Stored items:

◇ ◇ ◇

lemma lub_in_UN_lubs:
  assumes A: "poset_on A le" and S: "\<And>i. i \<in> F \<Longrightarrow> S i \<subseteq> A"
    and t: "\<And>i. i \<in> F \<Longrightarrow> lub_in A le (S i) (t i)" and s: "lub_in A le (\<Union>i\<in>F. S i) s"
  shows "lub_in A le (t ` F) s"
proof (rule lub_inI)
  show "s \<in> A" using s by (rule lub_in_mem)
  show "le y s" if "y \<in> t ` F" for y
    using that lub_in_least[OF t lub_in_mem[OF s]] lub_in_upper[OF s] by blast
  show "le s u" if u: "u \<in> A" "\<forall>y\<in>t ` F. le y u" for u
  proof (rule lub_in_least[OF s u(1)])
    fix x assume "x \<in> (\<Union>i\<in>F. S i)"
    then obtain i where i: "i \<in> F" "x \<in> S i" by blast
    then show "le x u"
      using poset_on_trans[OF A _ lub_in_mem[OF t] u(1) lub_in_upper[OF t]] S u(2) by blast
  qed
qed

lemma join_semilattice_bot_poset: "join_semilattice_bot A le \<Longrightarrow> poset_on A le"
  unfolding join_semilattice_bot_def by blast

lemma join_semilattice_bot_lub_pair:
  "join_semilattice_bot A le \<Longrightarrow> x \<in> A \<Longrightarrow> y \<in> A \<Longrightarrow> \<exists>s. lub_in A le {x, y} s"
  unfolding join_semilattice_bot_def by blast

lemma join_semilattice_bot_lub_empty: "join_semilattice_bot A le \<Longrightarrow> \<exists>b. lub_in A le {} b"
  unfolding join_semilattice_bot_def lub_in_empty_iff by blast

lemma join_semilattice_bot_finite_lub:
  assumes A: "join_semilattice_bot A le" and "finite X" "X \<subseteq> A"
  shows "\<exists>s. lub_in A le X s"
  using assms(2,3)
proof (induction X rule: finite_induct)
  case empty
  show ?case using join_semilattice_bot_lub_empty[OF A] .
next
  case (insert x X)
  then obtain t where t: "lub_in A le X t" by auto
  obtain u where "lub_in A le {x, t} u"
    using join_semilattice_bot_lub_pair[OF A _ lub_in_mem[OF t]] insert.prems by blast
  then show ?case
    using lub_in_insert[OF join_semilattice_bot_poset[OF A] _ _ t] insert.prems by blast
qed

section \<open>Join embeddings\<close>

lemma order_embedding_mem: "order_embedding A leA B leB f \<Longrightarrow> x \<in> A \<Longrightarrow> f x \<in> B"
  unfolding order_embedding_def by blast

lemma order_embedding_iff:
  "order_embedding A leA B leB f \<Longrightarrow> x \<in> A \<Longrightarrow> y \<in> A \<Longrightarrow> leB (f x) (f y) \<longleftrightarrow> leA x y"
  unfolding order_embedding_def by blast

lemma order_embedding_inj_on:
  assumes "poset_on A leA" "order_embedding A leA B leB f"
  shows "inj_on f A"
proof (rule inj_onI)
  fix x y assume xy: "x \<in> A" "y \<in> A" "f x = f y"
  then have "leA x y" "leA y x"
    using order_embedding_iff[OF assms(2)] poset_on_refl[OF assms(1)] by metis+
  then show "x = y" using poset_on_antisym[OF assms(1) xy(1,2)] by blast
qed

lemma join_embedding_mem: "join_embedding A leA B leB f \<Longrightarrow> x \<in> A \<Longrightarrow> f x \<in> B"
  unfolding join_embedding_def by blast

lemma join_embedding_inj_on: "join_embedding A leA B leB f \<Longrightarrow> inj_on f A"
  unfolding join_embedding_def by blast

lemma join_embedding_lub_pair:
  "join_embedding A leA B leB f \<Longrightarrow> x \<in> A \<Longrightarrow> y \<in> A \<Longrightarrow> lub_in A leA {x, y} s
   \<Longrightarrow> lub_in B leB {f x, f y} (f s)"
  unfolding join_embedding_def by blast

lemma fin_join_embedding_imp_join_embedding:
  assumes f: "fin_join_embedding A leA B leB f"
  shows "join_embedding A leA B leB f"
proof -
  have "lub_in B leB (f ` {x, y}) (f s)" if "x \<in> A" "y \<in> A" "lub_in A leA {x, y} s" for x y s
  proof -
    have "{x, y} \<subseteq> A \<and> finite {x, y}" using that by simp
    then show ?thesis using f that(3) unfolding fin_join_embedding_def by blast
  qed
  then show ?thesis using f unfolding fin_join_embedding_def join_embedding_def by simp
qed

lemma arb_join_embedding_imp_join_embedding:
  assumes f: "arb_join_embedding A leA B leB f"
  shows "join_embedding A leA B leB f"
proof -
  have "lub_in B leB (f ` {x, y}) (f s)" if "x \<in> A" "y \<in> A" "lub_in A leA {x, y} s" for x y s
  proof -
    have "{x, y} \<subseteq> A" using that by simp
    then show ?thesis using f that(3) unfolding arb_join_embedding_def by blast
  qed
  then show ?thesis using f unfolding arb_join_embedding_def join_embedding_def by simp
qed

text \<open>Both orders are recovered from binary joins: \<open>x \<le> y\<close> iff \<open>x \<squnion> y = y\<close>.\<close>
lemma join_embedding_imp_order_embedding:
  assumes A: "poset_on A leA" and B: "poset_on B leB"
    and lub_pair: "\<And>x y. x \<in> A \<Longrightarrow> y \<in> A \<Longrightarrow> \<exists>s. lub_in A leA {x, y} s"
    and f: "join_embedding A leA B leB f"
  shows "order_embedding A leA B leB f"
  unfolding order_embedding_def
proof (intro conjI ballI)
  show "f ` A \<subseteq> B" using join_embedding_mem[OF f] by blast
  fix x y assume x: "x \<in> A" and y: "y \<in> A"
  obtain s where s: "lub_in A leA {x, y} s" using lub_pair[OF x y] by blast
  have fs: "lub_in B leB {f x, f y} (f s)" using join_embedding_lub_pair[OF f x y s] .
  have fx: "f x \<in> B" and fy: "f y \<in> B" using join_embedding_mem[OF f] x y by blast+
  have "leA x y \<longleftrightarrow> s = y"
  proof
    assume "leA x y"
    then show "s = y" by (rule lub_in_unique[OF A s lub_in_pair_of_le[OF A x y]])
  qed (use lub_in_upper[OF s] in auto)
  also have "\<dots> \<longleftrightarrow> f s = f y"
    using inj_on_eq_iff[OF join_embedding_inj_on[OF f] lub_in_mem[OF s] y] by simp
  also have "\<dots> \<longleftrightarrow> leB (f x) (f y)"
  proof
    assume "leB (f x) (f y)"
    then show "f s = f y" by (rule lub_in_unique[OF B fs lub_in_pair_of_le[OF B fx fy]])
  qed (use lub_in_upper[OF fs] in auto)
  finally show "leA x y \<longleftrightarrow> leB (f x) (f y)" .
qed

lemma join_embedding_bot_imp_fin_join_embedding:
  assumes A: "join_semilattice_bot A leA" and B: "join_semilattice_bot B leB"
    and f: "join_embedding A leA B leB f"
    and bot: "\<And>b. lub_in A leA {} b \<Longrightarrow> lub_in B leB {} (f b)"
  shows "fin_join_embedding A leA B leB f"
proof -
  have lub_image: "\<exists>t. lub_in A leA X t \<and> lub_in B leB (f ` X) (f t)"
    if "finite X" "X \<subseteq> A" for X
    using that
  proof (induction X rule: finite_induct)
    case empty
    then show ?case using join_semilattice_bot_lub_empty[OF A] bot by auto
  next
    case (insert x X)
    then obtain t where t: "lub_in A leA X t" "lub_in B leB (f ` X) (f t)" by auto
    have x: "x \<in> A" and t_mem: "t \<in> A" using insert.prems lub_in_mem[OF t(1)] by auto
    obtain u where u: "lub_in A leA {x, t} u"
      using join_semilattice_bot_lub_pair[OF A x t_mem] by blast
    have "lub_in A leA (insert x X) u"
      using lub_in_insert[OF join_semilattice_bot_poset[OF A] _ x t(1) u] insert.prems by blast
    moreover have "lub_in B leB (insert (f x) (f ` X)) (f u)"
      using lub_in_insert[OF join_semilattice_bot_poset[OF B] _ join_embedding_mem[OF f x] t(2)
          join_embedding_lub_pair[OF f x t_mem u]] join_embedding_mem[OF f] insert.prems by blast
    ultimately show ?case by auto
  qed
  show ?thesis
    unfolding fin_join_embedding_def
    using join_embedding_mem[OF f] join_embedding_inj_on[OF f] lub_image
      lub_in_unique[OF join_semilattice_bot_poset[OF A]] by blast
qed

text \<open>The image of every element other than \<open>\<bottom>\<close> lies strictly above \<open>\<bottom>\<close>, so redefining the map
  at \<open>\<bottom>\<close> keeps it injective.\<close>
lemma join_embedding_reset_bot:
  assumes P: "join_semilattice_bot P leP" and Q: "join_semilattice_bot Q leQ"
    and f: "join_embedding Q leQ P leP f"
    and bQ: "lub_in Q leQ {} bQ" and bP: "lub_in P leP {} bP"
  shows "join_embedding Q leQ P leP (f(bQ := bP))"
proof -
  have pP: "poset_on P leP" and pQ: "poset_on Q leQ"
    using P Q join_semilattice_bot_poset by blast+
  have bQ_le: "bQ \<in> Q" "\<And>x. x \<in> Q \<Longrightarrow> leQ bQ x" and bP_le: "bP \<in> P" "\<And>x. x \<in> P \<Longrightarrow> leP bP x"
    using bQ bP unfolding lub_in_empty_iff by auto
  note f_ord = join_embedding_imp_order_embedding[OF pQ pP
      join_semilattice_bot_lub_pair[OF Q] f]
  note f_mem = join_embedding_mem[OF f]
  let ?g = "f(bQ := bP)"
  have above_bot: "f x \<noteq> bP" if x: "x \<in> Q" "x \<noteq> bQ" for x
  proof
    assume "f x = bP"
    then have "f bQ = f x"
      using poset_on_antisym[OF pP f_mem[OF bQ_le(1)] f_mem[OF x(1)]] bP_le(2)[OF f_mem[OF bQ_le(1)]]
        order_embedding_iff[OF f_ord bQ_le(1) x(1)] bQ_le(2)[OF x(1)] by simp
    then show False using inj_onD[OF join_embedding_inj_on[OF f] _ bQ_le(1) x(1)] x(2) by blast
  qed
  have g_mem: "?g x \<in> P" if "x \<in> Q" for x using f_mem[OF that] bP_le(1) by simp
  have "inj_on ?g Q"
  proof (rule inj_onI)
    fix x y assume "x \<in> Q" "y \<in> Q" "?g x = ?g y"
    then show "x = y"
      using inj_onD[OF join_embedding_inj_on[OF f]] above_bot
      by (cases "x = bQ"; cases "y = bQ") (auto split: if_splits)
  qed
  moreover have "lub_in P leP {?g x, ?g y} (?g s)"
    if x: "x \<in> Q" and y: "y \<in> Q" and s: "lub_in Q leQ {x, y} s" for x y s
  proof -
    have bot_pair: "lub_in P leP {bP, ?g z} (?g z)" if "z \<in> Q" for z
      using lub_in_pair_of_le[OF pP bP_le(1) g_mem[OF that] bP_le(2)[OF g_mem[OF that]]] .
    consider "x = bQ" | "y = bQ" | "x \<noteq> bQ" "y \<noteq> bQ" by blast
    then show ?thesis
    proof cases
      case 1
      then have "s = y"
        using lub_in_unique[OF pQ _ lub_in_pair_of_le[OF pQ bQ_le(1) y bQ_le(2)[OF y]]] s by simp
      then show ?thesis using bot_pair[OF y] 1 by simp
    next
      case 2
      then have "s = x"
        using lub_in_unique[OF pQ _ lub_in_pair_of_le[OF pQ bQ_le(1) x bQ_le(2)[OF x]]] s
        by (simp add: insert_commute)
      then show ?thesis using bot_pair[OF x] 2 by (simp add: insert_commute)
    next
      case 3
      have "s \<noteq> bQ"
      proof
        assume "s = bQ"
        then have "leQ x bQ" using lub_in_upper[OF s] by simp
        then show False using poset_on_antisym[OF pQ x bQ_le(1) _ bQ_le(2)[OF x]] 3 by blast
      qed
      then show ?thesis using join_embedding_lub_pair[OF f x y s] 3 by simp
    qed
  qed
  ultimately show ?thesis unfolding join_embedding_def using g_mem by blast
qed

lemma ex_join_embedding_iff_ex_fin_join_embedding:
  assumes P: "join_semilattice_bot P leP" and Q: "join_semilattice_bot Q leQ"
  shows "(\<exists>f. join_embedding Q leQ P leP f) \<longleftrightarrow> (\<exists>f. fin_join_embedding Q leQ P leP f)"
proof
  assume "\<exists>f. join_embedding Q leQ P leP f"
  then obtain f where f: "join_embedding Q leQ P leP f" ..
  obtain bQ bP where bQ: "lub_in Q leQ {} bQ" and bP: "lub_in P leP {} bP"
    using join_semilattice_bot_lub_empty[OF Q] join_semilattice_bot_lub_empty[OF P] by blast
  have "fin_join_embedding Q leQ P leP (f(bQ := bP))"
    using join_embedding_bot_imp_fin_join_embedding[OF Q P join_embedding_reset_bot[OF P Q f bQ bP]]
      lub_in_unique[OF join_semilattice_bot_poset[OF Q] _ bQ] bP by fastforce
  then show "\<exists>f. fin_join_embedding Q leQ P leP f" by blast
qed (blast intro: fin_join_embedding_imp_join_embedding)

section \<open>Ideals\<close>

lemma idealI:
  "I \<subseteq> A \<Longrightarrow> I \<noteq> {} \<Longrightarrow> (\<And>x y. x \<in> I \<Longrightarrow> y \<in> A \<Longrightarrow> le y x \<Longrightarrow> y \<in> I)
   \<Longrightarrow> (\<And>x y. x \<in> I \<Longrightarrow> y \<in> I \<Longrightarrow> \<exists>z\<in>I. le x z \<and> le y z) \<Longrightarrow> I \<in> ideals A le"
  unfolding ideals_def by blast
lemma reps_le: "real reps \<le> 18 * (ln (\<theta>/m))^2"
proof -
  define K where "K = \<theta>/m"
  have "K \<ge> 2" "real N < K + 1" using ratio_ge_2 N_less by (simp_all add: K_def)
  have ln_K: "ln K \<ge> 2/3" using ln2_ge_two_thirds \<open>K \<ge> 2\<close> by (smt (verit) ln_le_cancel_iff)
  have "real reps \<le> log 2 (6 * real N) + 1"
    using N_ge_2 unfolding reps_def by (simp add: of_nat_ceiling)
  also have "\<dots> = log 2 (12 * real N)"
    using N_ge_2 log_mult_pos[of 2 "6 * real N" 2] by simp
  also have "\<dots> \<le> log 2 (K^6)"
  proof -
    have "K^5 \<ge> 2^5" using \<open>K \<ge> 2\<close> by (intro power_mono) auto
    then have "K^6 \<ge> 32 * K" using \<open>K \<ge> 2\<close> mult_right_mono[of "2^5" "K^5" K]
      by (simp add: power_Suc2[symmetric])
    then have "12 * real N \<le> K^6" using \<open>real N < K + 1\<close> \<open>K \<ge> 2\<close> by linarith
    then show ?thesis using N_ge_2 \<open>K \<ge> 2\<close> by (subst log_le_cancel_iff) auto
  qed
  also have "\<dots> = 6 * ln K / ln 2" using \<open>K \<ge> 2\<close> by (simp add: log_def ln_realpow)
  also have "\<dots> \<le> 6 * ln K / (2/3)"
    using ln2_ge_two_thirds ln_K by (intro divide_left_mono) auto
  also have "\<dots> = 9 * ln K" by simp
  also have "\<dots> \<le> 18 * (ln K)^2"
    using ln_K mult_right_mono[of "1/2" "ln K" "ln K"] by (simp add: power2_eq_square)
  finally show ?thesis unfolding K_def .
qed

lemma sketch_size_le: "real (num_levels * num_buckets * reps) \<le> 729 * (\<theta>/m)^4 * (ln (\<theta>/m))^2"
proof -
  have "real (num_levels * num_buckets * reps) = real num_levels * real num_buckets * real reps" by simp
  also have "\<dots> \<le> (3 * (\<theta>/m)^2) * (27/2 * (\<theta>/m)^2) * (18 * (ln (\<theta>/m))^2)"
    by (intro mult_mono num_levels_le num_buckets_le reps_le) auto
  also have "\<dots> = 729 * (\<theta>/m)^4 * (ln (\<theta>/m))^2" by (simp add: power2_eq_square power4_eq_xxxx)
  finally show ?thesis .
qed

end

theorem mainTheorem10:
  shows "\<exists>C::real. \<forall>(n::nat) (Fam::nat set set) (w::nat set \<Rightarrow> real) (\<theta>::real) (m::real).
     Fam \<subseteq> Pow {0..<n} \<and> (\<forall>S\<in>Fam. w S \<ge> 0) \<and> is_LTF Fam w \<theta> m \<and> \<theta> \<ge> 2 * m \<and> m > 0
     \<longrightarrow> real (R_lin n (1/3)
            (\<lambda>X. sgn01 (- \<theta> + (\<Sum>S\<in>Fam. w S * (if S \<inter> X \<noteq> {} then 1 else 0)))))
         \<le> C * (\<theta> / m) ^ 4 * (ln (\<theta> / m)) ^ 2"
proof (intro exI[of _ 729] allI impI, elim conjE)
  fix n Fam w \<theta> m
  assume "Fam \<subseteq> Pow {0..<n}" "is_LTF Fam w \<theta> m" "\<theta> \<ge> 2 * m"
    \<comment> \<open>nonnegativity of the weights and \<open>m > 0\<close> are part of \<open>is_LTF\<close>\<close>
  then interpret ltf_of_ors n Fam w \<theta> m by unfold_locales
  have "R_lin n (1/3) target \<le> num_levels * num_buckets * reps"
    unfolding R_lin_def by (rule Least_le) (rule sketchable_target)
  then have "real (R_lin n (1/3) target) \<le> 729 * (\<theta>/m)^4 * (ln (\<theta>/m))^2"
    using sketch_size_le by linarith
  then show "real (R_lin n (1/3)
            (\<lambda>X. sgn01 (- \<theta> + (\<Sum>S\<in>Fam. w S * (if S \<inter> X \<noteq> {} then 1 else 0)))))
         \<le> 729 * (\<theta> / m) ^ 4 * (ln (\<theta> / m)) ^ 2"
    unfolding target_def .
qed

end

◇ ◇ ◇

ABOUT THIS EXERCISE: Copy exactly the lines above, starting at the opening line and finishing at the line in which "using that lub_in_least[OF" occurs.

ANSWER TO THIS PROBLEM:
lemma lub_in_UN_lubs:
  assumes A: "poset_on A le" and S: "\<And>i. i \<in> F \<Longrightarrow> S i \<subseteq> A"
    and t: "\<And>i. i \<in> F \<Longrightarrow> lub_in A le (S i) (t i)" and s: "lub_in A le (\<Union>i\<in>F. S i) s"
  shows "lub_in A le (t ` F) s"
proof (rule lub_inI)
  show "s \<in> A" using s by (rule lub_in_mem)
  show "le y s" if "y \<in> t ` F" for y
    using that lub_in_least[OF t lub_in_mem[OF s]] lub_in_upper[OF s] by blast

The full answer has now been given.